The New York Times recently featured an article with this tempting headline: “This Just In: Study Shows Songs About Sex Are Hot Sellers.” I’ll bet you didn’t know that before! James C. McKinley, Jr. reports on a study just published in the Journal of Evolutionary Psychology. The journal’s press release announces: “Song lyrics contain reproductive messages.”
If you read the actual study (available on PDF), you may be surprised to see what counts as a reproductive message. The categories are: Genitalia; Other Body Parts; Courtship/Long Term Mating Strategies, Hook Up/Short Term Mating Strategies; Foreplay/Arousal/Sex Act Precursors; Sex Act; Sexual Prowess; Promiscuity/Reputation/Derogation; Sequestering/Mate Guarding; Fidelity Assurance/Abandonment Prevention; Commitment and Fidelity; Resources; Status; Mate Provisioning; Appearance Enhancement/Sex Appeal; Rejection; Infidelity/Cheater Detection/ Mate Poaching; Parenting. So we’re not talking just about sex in the narrow sense here. Included in the study would be songs about money (a resource) and child-rearing. In fact, the explanation of the “Parenting” category reads: “Includes any reference to parenting, child-rearing, or desire for children. Also includes references to grandparents and grandchildren.”

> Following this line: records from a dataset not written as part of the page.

(* Let $P\subseteq\mathbb{R}^m$ and $Q\subseteq\mathbb{R}^n$, let $\ell\le m$ and $\ell'\le n$ be positive integers with $m-\ell=n-\ell'$, and let $I=\{1,\dots,\ell\}$ and $I'=\{1,\dots,\ell'\}$. Let $g:\mathbb{R}^\ell\to\mathbb{R}^{\ell'}$ be an integral affine transformation, and define $f:\mathbb{R}^m\to\mathbb{R}^n$ by $f(x)=(g(x^1),x^2)$ where $x=(x^1,x^2)$ with $x^1\in\mathbb{R}^\ell$, $x^2\in\mathbb{R}^{m-\ell}$. If $f(P)\subseteq Q$, then for every integer $k\ge 1$, \[f\big(\mathrm{SC}^k(P,I)\big)\subseteq \mathrm{SC}^k(Q,I').\]
   Context: An integral affine transformation $g:\mathbb{R}^\ell\to\mathbb{R}^{\ell'}$ is a map $g(x)=Vx+v$ with $V$ an integral $\ell'\times\ell$ matrix and $v\in\mathbb{Z}^{\ell'}$. For $(\pi,\pi_0)\in\mathbb{Z}^n\times\mathbb{Z}$, the split set is $S(\pi,\pi_0)=\{x\in\mathbb{R}^n:\pi_0<\pi^Tx<\pi_0+1\}$. For $J\subseteq\{1,\dots,n\}$, $\mathcal{S}_n(J)$ is the family of split sets $S(\pi,\pi_0)$ with $\pi\in\mathbb{Z}^n$, $\pi_j=0$ for $j\notin J$, $\pi_0\in\mathbb{Z}$. For $X\subseteq\mathbb{R}^n$, $\mathrm{SC}(X,J)=\bigcap_{S\in\mathcal{S}_n(J)}\mathrm{conv}(X\setminus S)$, $\mathrm{SC}^1(X,J)=\mathrm{SC}(X,J)$ and $\mathrm{SC}^k(X,J)=\mathrm{SC}(\mathrm{SC}^{k-1}(X,J),J)$ for $k\ge2$. *)

theory Defs
  imports "HOL-Analysis.Analysis"
begin

text \<open>Model of R^n: functions nat => real vanishing at all indices >= n
  (coordinates are 0-based, so coordinate j of the paper is index j-1).\<close>

definition Rn :: "nat \<Rightarrow> (nat \<Rightarrow> real) set" where
  "Rn n = {x. \<forall>i\<ge>n. x i = 0}"

definition convex_fun :: "(nat \<Rightarrow> real) set \<Rightarrow> bool" where
  "convex_fun X \<longleftrightarrow> (\<forall>x\<in>X. \<forall>y\<in>X. \<forall>u::real. 0 \<le> u \<and> u \<le> 1 \<longrightarrow>
      (\<lambda>i. u * x i + (1 - u) * y i) \<in> X)"

definition conv :: "(nat \<Rightarrow> real) set \<Rightarrow> (nat \<Rightarrow> real) set" where
  "conv X = convex_fun hull X"

definition split_set :: "nat \<Rightarrow> (nat \<Rightarrow> int) \<Rightarrow> int \<Rightarrow> (nat \<Rightarrow> real) set" where
  "split_set n p p0 = {x. x \<in> Rn n \<and> real_of_int p0 < (\<Sum>i<n. real_of_int (p i) * x i)
                          \<and> (\<Sum>i<n. real_of_int (p i) * x i) < real_of_int p0 + 1}"

definition splits :: "nat \<Rightarrow> nat set \<Rightarrow> (nat \<Rightarrow> real) set set" where
  "splits n J = {split_set n p p0 | p p0. \<forall>j. j \<notin> J \<longrightarrow> p j = 0}"

definition SC :: "nat \<Rightarrow> nat set \<Rightarrow> (nat \<Rightarrow> real) set \<Rightarrow> (nat \<Rightarrow> real) set" where
  "SC n J X = (\<Inter>S\<in>splits n J. conv (X - S))"

definition SC_iter :: "nat \<Rightarrow> nat \<Rightarrow> nat set \<Rightarrow> (nat \<Rightarrow> real) set \<Rightarrow> (nat \<Rightarrow> real) set" where
  "SC_iter k n J X = (SC n J ^^ k) X"

text \<open>f(x) = (g(x^1), x^2) with g(y) = V y + v, V integral l' x l, v integral.\<close>

definition lift_map ::
  "nat \<Rightarrow> nat \<Rightarrow> nat \<Rightarrow> (nat \<Rightarrow> nat \<Rightarrow> int) \<Rightarrow> (nat \<Rightarrow> int) \<Rightarrow> (nat \<Rightarrow> real) \<Rightarrow> (nat \<Rightarrow> real)" where
  "lift_map l l' n V v x = (\<lambda>i.
     if i < l' then (\<Sum>j<l. real_of_int (V i j) * x j) + real_of_int (v i)
     else if i < n then x (i - l' + l) else 0)"

end

theory Submission
  imports Defs
begin

text \<open>A map that commutes with convex combinations sends convex hulls into convex hulls. If
  moreover every split set of the target is pulled back into some split set of the source,
  then each point of \<open>X - S\<close> is mapped into \<open>Y - S'\<close>, so the image of the split closure of
  \<open>X\<close> lies in the split closure of \<open>Y\<close>. The map \<open>x \<mapsto> (g(x\<^sup>1), x\<^sup>2)\<close> has both properties:
  since \<open>g\<close> is integral affine, \<open>\<pi>\<^sup>T f(x)\<close> equals \<open>(V\<^sup>T\<pi>)\<^sup>T x\<^sup>1 + \<pi>\<^sup>T v\<close> with integral data.\<close>

lemma convex_fun_conv: "convex_fun (conv A)"
  unfolding conv_def by (rule hull_in) (auto simp: convex_fun_def)

lemma conv_subset: "A \<subseteq> conv A"
  unfolding conv_def by (rule hull_subset)

lemma conv_minimal: "A \<subseteq> B \<Longrightarrow> convex_fun B \<Longrightarrow> conv A \<subseteq> B"
  unfolding conv_def by (rule hull_minimal)

lemma convex_fun_Rn: "convex_fun (Rn m)"
  by (auto simp: convex_fun_def Rn_def)

lemma conv_image_subset:
  assumes comb: "\<And>x y u. f (\<lambda>i. u * x i + (1 - u) * y i) = (\<lambda>i. u * f x i + (1 - u) * f y i)"
    and "f ` A \<subseteq> B"
  shows "f ` conv A \<subseteq> conv B"
proof -
  have "conv A \<subseteq> f -` conv B"
  proof (rule conv_minimal)
    show "A \<subseteq> f -` conv B" using assms(2) conv_subset[of B] by auto
    show "convex_fun (f -` conv B)"
      using convex_fun_conv[of B] unfolding convex_fun_def by (auto simp: comb)
  qed
  then show ?thesis by auto
qed

lemma SC_subset_Rn:
  assumes "X \<subseteq> Rn m"
  shows "SC m J X \<subseteq> Rn m"
proof -
  have "split_set m (\<lambda>_. 0) 0 \<in> splits m J" by (auto simp: splits_def)
  moreover have "conv (X - S) \<subseteq> Rn m" for S
    using assms by (intro conv_minimal convex_fun_Rn) auto
  ultimately show ?thesis unfolding SC_def by blast
qed

lemma SC_image_subset:
  assumes comb: "\<And>x y u. f (\<lambda>i. u * x i + (1 - u) * y i) = (\<lambda>i. u * f x i + (1 - u) * f y i)"
    and pullback: "\<And>S'. S' \<in> splits n J' \<Longrightarrow> \<exists>S\<in>splits m J. X \<inter> f -` S' \<subseteq> S"
    and "f ` X \<subseteq> Y"
  shows "f ` SC m J X \<subseteq> SC n J' Y"
proof (clarsimp simp: SC_def)
  fix x S' assume x: "\<forall>S\<in>splits m J. x \<in> conv (X - S)" and "S' \<in> splits n J'"
  then obtain S where S: "S \<in> splits m J" "X \<inter> f -` S' \<subseteq> S" using pullback by blast
  have "f ` (X - S) \<subseteq> Y - S'" using S(2) assms(3) by blast
  then have "f ` conv (X - S) \<subseteq> conv (Y - S')" by (rule conv_image_subset[OF comb])
  then show "f x \<in> conv (Y - S')" using x S(1) by blast
qed

lemma SC_iter_image_subset:
  assumes comb: "\<And>x y u. f (\<lambda>i. u * x i + (1 - u) * y i) = (\<lambda>i. u * f x i + (1 - u) * f y i)"
    and pullback: "\<And>S'. S' \<in> splits n J' \<Longrightarrow> \<exists>S\<in>splits m J. Rn m \<inter> f -` S' \<subseteq> S"
    and "X \<subseteq> Rn m" and "f ` X \<subseteq> Y"
  shows "f ` SC_iter k m J X \<subseteq> SC_iter k n J' Y"
proof -
  have "SC_iter k m J X \<subseteq> Rn m \<and> f ` SC_iter k m J X \<subseteq> SC_iter k n J' Y"
  proof (induction k)
    case 0
    then show ?case using assms(3,4) by (simp add: SC_iter_def)
  next
    case (Suc k)
    then have in_Rn: "SC_iter k m J X \<subseteq> Rn m"
      and image: "f ` SC_iter k m J X \<subseteq> SC_iter k n J' Y" by simp_all
    have "\<exists>S\<in>splits m J. SC_iter k m J X \<inter> f -` S' \<subseteq> S" if "S' \<in> splits n J'" for S'
      using pullback[OF that] in_Rn by blast
    then have "f ` SC m J (SC_iter k m J X) \<subseteq> SC n J' (SC_iter k n J' Y)"
      using SC_image_subset[OF comb _ image] by blast
    then show ?case using SC_subset_Rn[OF in_Rn] by (simp add: SC_iter_def)
  qed
  then show ?thesis by blast
qed

lemma lift_map_convex_comb:
  "lift_map l l' n V v (\<lambda>i. u * x i + (1 - u) * y i)
   = (\<lambda>i. u * lift_map l l' n V v x i + (1 - u) * lift_map l l' n V v y i)"
proof
  fix i
  show "lift_map l l' n V v (\<lambda>i. u * x i + (1 - u) * y i) i
      = u * lift_map l l' n V v x i + (1 - u) * lift_map l l' n V v y i"
  proof (cases "i < l'")
    case True
    have "(\<Sum>j<l. real_of_int (V i j) * (u * x j + (1 - u) * y j))
      = u * (\<Sum>j<l. real_of_int (V i j) * x j) + (1 - u) * (\<Sum>j<l. real_of_int (V i j) * y j)"
      unfolding sum_distrib_left sum.distrib[symmetric] by (rule sum.cong) (auto simp: algebra_simps)
    then show ?thesis using True by (simp add: lift_map_def algebra_simps)
  qed (auto simp: lift_map_def algebra_simps)
qed

lemma sum_mult_lift_map:
  assumes "\<forall>j. j \<notin> {0..<l'} \<longrightarrow> p j = 0" "l' \<le> n" "l \<le> m"
  shows "(\<Sum>i<n. real_of_int (p i) * lift_map l l' n V v x i)
    = (\<Sum>j<m. real_of_int (if j < l then (\<Sum>i<l'. p i * V i j) else 0) * x j)
      + real_of_int (\<Sum>i<l'. p i * v i)"
proof -
  have "(\<Sum>i<n. real_of_int (p i) * lift_map l l' n V v x i)
     = (\<Sum>i<l'. real_of_int (p i) * lift_map l l' n V v x i)"
    by (rule sum.mono_neutral_right) (use assms(1,2) in auto)
  also have "\<dots> = (\<Sum>i<l'. (\<Sum>j<l. real_of_int (p i) * real_of_int (V i j) * x j)
       + real_of_int (p i) * real_of_int (v i))"
    by (auto simp: lift_map_def sum_distrib_left algebra_simps intro!: sum.cong)
  also have "\<dots> = (\<Sum>j<l. (\<Sum>i<l'. real_of_int (p i) * real_of_int (V i j)) * x j)
       + (\<Sum>i<l'. real_of_int (p i) * real_of_int (v i))"
    by (simp add: sum.distrib sum_distrib_right sum.swap[of _ "{..<l'}"])
  also have "(\<Sum>j<l. (\<Sum>i<l'. real_of_int (p i) * real_of_int (V i j)) * x j)
     = (\<Sum>j<m. real_of_int (if j < l then (\<Sum>i<l'. p i * V i j) else 0) * x j)"
    by (rule sym, rule sum.mono_neutral_cong_right) (use assms(3) in auto)
  finally show ?thesis by simp
qed

lemma lift_map_vimage_split_set:
  assumes "S' \<in> splits n {0..<l'}" "l' \<le> n" "l \<le> m"
  shows "\<exists>S\<in>splits m {0..<l}. Rn m \<inter> lift_map l l' n V v -` S' \<subseteq> S"
proof -
  obtain p p0 where S': "S' = split_set n p p0" and p: "\<forall>j. j \<notin> {0..<l'} \<longrightarrow> p j = 0"
    using assms(1) by (auto simp: splits_def)
  define q where "q = (\<lambda>j. if j < l then (\<Sum>i<l'. p i * V i j) else 0)"
  define c where "c = (\<Sum>i<l'. p i * v i)"
  have "split_set m q (p0 - c) \<in> splits m {0..<l}" by (auto simp: splits_def q_def)
  moreover have "Rn m \<inter> lift_map l l' n V v -` S' \<subseteq> split_set m q (p0 - c)"
  proof
    fix x assume x: "x \<in> Rn m \<inter> lift_map l l' n V v -` S'"
    have "(\<Sum>i<n. real_of_int (p i) * lift_map l l' n V v x i)
        = (\<Sum>j<m. real_of_int (q j) * x j) + real_of_int c"
      unfolding q_def c_def by (rule sum_mult_lift_map[OF p assms(2,3)])
    then show "x \<in> split_set m q (p0 - c)" using x by (simp add: S' split_set_def)
  qed
  ultimately show ?thesis by blast
qed

theorem theorem2:
  fixes m n l l' :: nat
    and P Q :: "(nat \<Rightarrow> real) set"
    and V :: "nat \<Rightarrow> nat \<Rightarrow> int" and v :: "nat \<Rightarrow> int"
    and k :: nat
  assumes "P \<subseteq> Rn m" and "Q \<subseteq> Rn n"
    and "0 < l" and "l \<le> m" and "0 < l'" and "l' \<le> n"
    and "m - l = n - l'"
    and "lift_map l l' n V v ` P \<subseteq> Q"
    and "1 \<le> k"
  shows "lift_map l l' n V v ` SC_iter k m {0..<l} P \<subseteq> SC_iter k n {0..<l'} Q"
  using lift_map_convex_comb lift_map_vimage_split_set[OF _ assms(6,4)] assms(1,8)
  by (rule SC_iter_image_subset)

end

One of the more interesting aspects of the study was breaking down music into Billboard categories: Country; Pop; and R&B. This distinction found some curious but not altogether surprising results:
Country songs contained an average of 5.9 different reproductive messages per song, with the most frequent being about parenting, commitment, rejection, and fidelity assurance. Pop songs contained 8.7 reproductive references per song, where sex appeal, reputation, short-term mating strategies, and fidelity assurance were the most common. For R&B there were 16.7 reproductive messages per song, with sex appeal, resources, sex acts, and status being the most prevalent.
I guess I had better start playing country music around my house. No more of that provocative R&B for me and my family!
In many ways, this study from the State University of New York in Albany confirms what we already know as people immersed in culture. Yet, it encourages us to consider with greater discernment what messages we are taking in each day. Parents, in particular, should pay more attention to what their children are hearing, seeing, and doing as they bathe in the pool of pop culture.